Dataset content section start

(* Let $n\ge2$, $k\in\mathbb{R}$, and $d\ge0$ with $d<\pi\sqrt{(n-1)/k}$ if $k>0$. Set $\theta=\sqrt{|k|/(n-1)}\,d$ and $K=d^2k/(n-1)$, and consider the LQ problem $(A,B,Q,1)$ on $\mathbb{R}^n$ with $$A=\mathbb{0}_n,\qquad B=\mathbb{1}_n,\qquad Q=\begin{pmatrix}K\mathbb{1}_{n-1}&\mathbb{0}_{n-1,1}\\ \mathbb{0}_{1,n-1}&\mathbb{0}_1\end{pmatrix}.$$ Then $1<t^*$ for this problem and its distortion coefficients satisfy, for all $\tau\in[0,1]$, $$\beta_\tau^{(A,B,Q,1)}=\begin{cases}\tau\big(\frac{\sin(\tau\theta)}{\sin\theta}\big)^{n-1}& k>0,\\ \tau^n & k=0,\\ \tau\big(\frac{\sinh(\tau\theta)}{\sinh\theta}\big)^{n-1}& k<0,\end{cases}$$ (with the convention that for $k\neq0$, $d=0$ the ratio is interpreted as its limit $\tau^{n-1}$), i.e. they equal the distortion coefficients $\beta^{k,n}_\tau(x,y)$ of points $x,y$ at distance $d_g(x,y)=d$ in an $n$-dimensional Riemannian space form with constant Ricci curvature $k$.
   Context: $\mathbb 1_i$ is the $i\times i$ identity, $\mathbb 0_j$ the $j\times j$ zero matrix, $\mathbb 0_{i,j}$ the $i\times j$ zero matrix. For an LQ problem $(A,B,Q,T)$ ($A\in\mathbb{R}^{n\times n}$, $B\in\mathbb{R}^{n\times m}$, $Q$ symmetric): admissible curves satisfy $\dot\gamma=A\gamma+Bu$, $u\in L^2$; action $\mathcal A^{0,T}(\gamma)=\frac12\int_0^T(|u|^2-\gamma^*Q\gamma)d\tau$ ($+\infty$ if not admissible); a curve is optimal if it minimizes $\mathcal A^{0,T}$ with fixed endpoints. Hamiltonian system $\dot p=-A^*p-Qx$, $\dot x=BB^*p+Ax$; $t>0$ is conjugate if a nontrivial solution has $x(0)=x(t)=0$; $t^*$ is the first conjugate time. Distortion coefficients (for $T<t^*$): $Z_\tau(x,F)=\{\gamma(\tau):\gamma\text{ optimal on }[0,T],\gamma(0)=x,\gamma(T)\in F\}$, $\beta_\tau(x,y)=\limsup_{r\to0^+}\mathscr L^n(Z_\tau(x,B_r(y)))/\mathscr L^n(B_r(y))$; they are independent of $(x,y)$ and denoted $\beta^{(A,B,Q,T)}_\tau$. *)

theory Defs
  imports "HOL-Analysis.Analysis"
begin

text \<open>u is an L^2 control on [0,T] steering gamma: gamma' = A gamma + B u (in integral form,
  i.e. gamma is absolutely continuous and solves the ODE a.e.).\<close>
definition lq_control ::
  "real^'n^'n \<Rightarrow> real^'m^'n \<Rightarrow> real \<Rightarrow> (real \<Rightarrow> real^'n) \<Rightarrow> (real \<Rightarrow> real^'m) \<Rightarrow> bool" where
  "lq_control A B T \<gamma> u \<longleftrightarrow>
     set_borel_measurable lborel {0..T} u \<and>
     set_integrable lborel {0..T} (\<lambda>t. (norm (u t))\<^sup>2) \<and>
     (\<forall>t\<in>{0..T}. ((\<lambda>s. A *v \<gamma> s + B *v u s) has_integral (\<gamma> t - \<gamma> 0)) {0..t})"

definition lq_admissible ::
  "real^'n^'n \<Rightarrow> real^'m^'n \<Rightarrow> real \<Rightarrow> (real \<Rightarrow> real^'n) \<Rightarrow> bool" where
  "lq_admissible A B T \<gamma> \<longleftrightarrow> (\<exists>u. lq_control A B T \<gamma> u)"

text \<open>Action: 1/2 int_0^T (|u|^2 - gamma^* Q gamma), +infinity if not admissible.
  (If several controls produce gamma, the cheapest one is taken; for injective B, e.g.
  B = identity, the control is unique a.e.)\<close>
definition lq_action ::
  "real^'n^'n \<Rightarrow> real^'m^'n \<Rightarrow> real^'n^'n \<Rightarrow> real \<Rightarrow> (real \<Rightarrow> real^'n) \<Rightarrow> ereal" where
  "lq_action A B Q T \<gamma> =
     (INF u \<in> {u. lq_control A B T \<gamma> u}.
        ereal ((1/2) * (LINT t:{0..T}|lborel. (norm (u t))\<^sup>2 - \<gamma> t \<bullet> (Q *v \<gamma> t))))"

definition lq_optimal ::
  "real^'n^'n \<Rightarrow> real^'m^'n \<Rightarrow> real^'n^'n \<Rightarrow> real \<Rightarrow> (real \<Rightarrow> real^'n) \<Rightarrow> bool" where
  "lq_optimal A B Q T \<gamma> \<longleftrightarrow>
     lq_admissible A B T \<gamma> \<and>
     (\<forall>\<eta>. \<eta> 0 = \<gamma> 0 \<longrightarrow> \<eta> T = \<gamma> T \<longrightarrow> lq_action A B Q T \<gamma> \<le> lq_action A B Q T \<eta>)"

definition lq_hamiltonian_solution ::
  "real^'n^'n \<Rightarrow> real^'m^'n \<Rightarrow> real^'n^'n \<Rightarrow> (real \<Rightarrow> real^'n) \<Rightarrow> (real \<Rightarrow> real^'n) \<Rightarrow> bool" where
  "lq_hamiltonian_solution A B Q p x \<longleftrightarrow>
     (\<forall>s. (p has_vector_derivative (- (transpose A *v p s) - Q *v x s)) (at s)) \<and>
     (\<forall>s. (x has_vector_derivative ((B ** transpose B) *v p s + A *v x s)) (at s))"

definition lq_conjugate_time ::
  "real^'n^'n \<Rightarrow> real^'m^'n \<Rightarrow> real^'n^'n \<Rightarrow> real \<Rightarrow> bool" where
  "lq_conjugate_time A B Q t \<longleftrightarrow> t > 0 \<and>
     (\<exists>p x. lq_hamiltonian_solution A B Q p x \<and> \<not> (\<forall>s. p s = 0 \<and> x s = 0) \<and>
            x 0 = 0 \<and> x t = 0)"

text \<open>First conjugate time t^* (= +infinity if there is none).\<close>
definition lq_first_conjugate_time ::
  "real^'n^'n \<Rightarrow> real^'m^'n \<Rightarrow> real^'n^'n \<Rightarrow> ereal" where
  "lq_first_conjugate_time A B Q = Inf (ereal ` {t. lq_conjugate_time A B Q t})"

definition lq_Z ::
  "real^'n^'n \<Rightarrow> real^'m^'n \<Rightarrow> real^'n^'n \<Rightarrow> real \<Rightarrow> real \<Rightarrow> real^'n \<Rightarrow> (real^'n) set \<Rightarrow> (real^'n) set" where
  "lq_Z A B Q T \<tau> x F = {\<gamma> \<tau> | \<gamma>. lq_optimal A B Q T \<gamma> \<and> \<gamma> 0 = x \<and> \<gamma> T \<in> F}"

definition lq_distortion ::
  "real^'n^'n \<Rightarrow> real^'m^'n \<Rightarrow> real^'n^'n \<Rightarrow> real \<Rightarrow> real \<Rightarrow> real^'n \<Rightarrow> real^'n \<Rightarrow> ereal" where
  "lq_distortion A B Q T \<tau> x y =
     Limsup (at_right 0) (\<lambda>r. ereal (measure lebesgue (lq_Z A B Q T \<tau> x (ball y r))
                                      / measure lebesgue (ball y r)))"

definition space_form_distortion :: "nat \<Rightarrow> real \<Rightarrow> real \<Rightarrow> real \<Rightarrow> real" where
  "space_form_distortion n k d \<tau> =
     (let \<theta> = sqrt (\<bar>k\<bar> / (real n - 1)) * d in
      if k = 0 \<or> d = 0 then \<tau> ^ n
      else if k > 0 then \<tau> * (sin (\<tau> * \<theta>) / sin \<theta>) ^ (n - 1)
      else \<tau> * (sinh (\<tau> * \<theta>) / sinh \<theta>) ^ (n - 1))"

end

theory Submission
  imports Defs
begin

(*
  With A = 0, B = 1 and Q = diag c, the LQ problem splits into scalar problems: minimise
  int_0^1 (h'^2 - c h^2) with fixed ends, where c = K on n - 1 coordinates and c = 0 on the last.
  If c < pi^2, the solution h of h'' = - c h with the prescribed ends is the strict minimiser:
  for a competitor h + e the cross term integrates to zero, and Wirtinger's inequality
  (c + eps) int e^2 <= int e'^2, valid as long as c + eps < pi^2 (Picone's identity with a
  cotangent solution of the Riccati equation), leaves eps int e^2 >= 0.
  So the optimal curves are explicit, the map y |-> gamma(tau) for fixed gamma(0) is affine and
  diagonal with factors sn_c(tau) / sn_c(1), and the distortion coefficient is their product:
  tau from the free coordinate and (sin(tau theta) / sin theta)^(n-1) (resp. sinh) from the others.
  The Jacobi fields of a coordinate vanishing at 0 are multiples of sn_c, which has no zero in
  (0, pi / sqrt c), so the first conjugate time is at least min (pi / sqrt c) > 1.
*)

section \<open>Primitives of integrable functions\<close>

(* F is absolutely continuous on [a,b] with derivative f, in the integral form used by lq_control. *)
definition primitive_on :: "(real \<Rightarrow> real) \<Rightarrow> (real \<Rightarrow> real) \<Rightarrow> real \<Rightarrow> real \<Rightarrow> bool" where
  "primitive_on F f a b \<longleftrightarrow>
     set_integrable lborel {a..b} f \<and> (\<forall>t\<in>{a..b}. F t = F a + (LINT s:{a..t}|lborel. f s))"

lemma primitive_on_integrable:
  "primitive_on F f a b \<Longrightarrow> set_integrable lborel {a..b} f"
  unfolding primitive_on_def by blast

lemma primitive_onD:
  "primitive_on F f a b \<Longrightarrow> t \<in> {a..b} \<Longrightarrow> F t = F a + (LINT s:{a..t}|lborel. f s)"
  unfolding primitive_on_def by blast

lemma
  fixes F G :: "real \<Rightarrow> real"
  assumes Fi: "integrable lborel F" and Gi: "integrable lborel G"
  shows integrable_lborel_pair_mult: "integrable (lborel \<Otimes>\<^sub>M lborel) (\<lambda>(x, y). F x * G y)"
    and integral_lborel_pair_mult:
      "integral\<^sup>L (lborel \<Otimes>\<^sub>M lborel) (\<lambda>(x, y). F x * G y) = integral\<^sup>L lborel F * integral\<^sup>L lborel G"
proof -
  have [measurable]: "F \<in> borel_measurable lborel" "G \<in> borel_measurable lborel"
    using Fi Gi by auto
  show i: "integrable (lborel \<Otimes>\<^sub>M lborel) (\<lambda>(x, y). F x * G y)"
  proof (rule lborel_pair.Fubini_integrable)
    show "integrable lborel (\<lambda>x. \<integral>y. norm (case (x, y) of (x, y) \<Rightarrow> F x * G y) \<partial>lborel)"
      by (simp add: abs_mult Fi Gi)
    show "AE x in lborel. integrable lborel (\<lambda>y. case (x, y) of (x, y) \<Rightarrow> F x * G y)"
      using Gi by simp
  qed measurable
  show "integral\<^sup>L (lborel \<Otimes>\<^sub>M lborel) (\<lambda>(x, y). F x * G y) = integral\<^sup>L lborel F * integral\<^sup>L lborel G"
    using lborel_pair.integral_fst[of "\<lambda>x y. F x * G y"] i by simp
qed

Dataset content section end

Problem description:
Go through the data and gather every line that holds "measure".

Reply to the exercise:
     Limsup (at_right 0) (\<lambda>r. ereal (measure lebesgue (lq_Z A B Q T \<tau> x (ball y r))
                                      / measure lebesgue (ball y r)))"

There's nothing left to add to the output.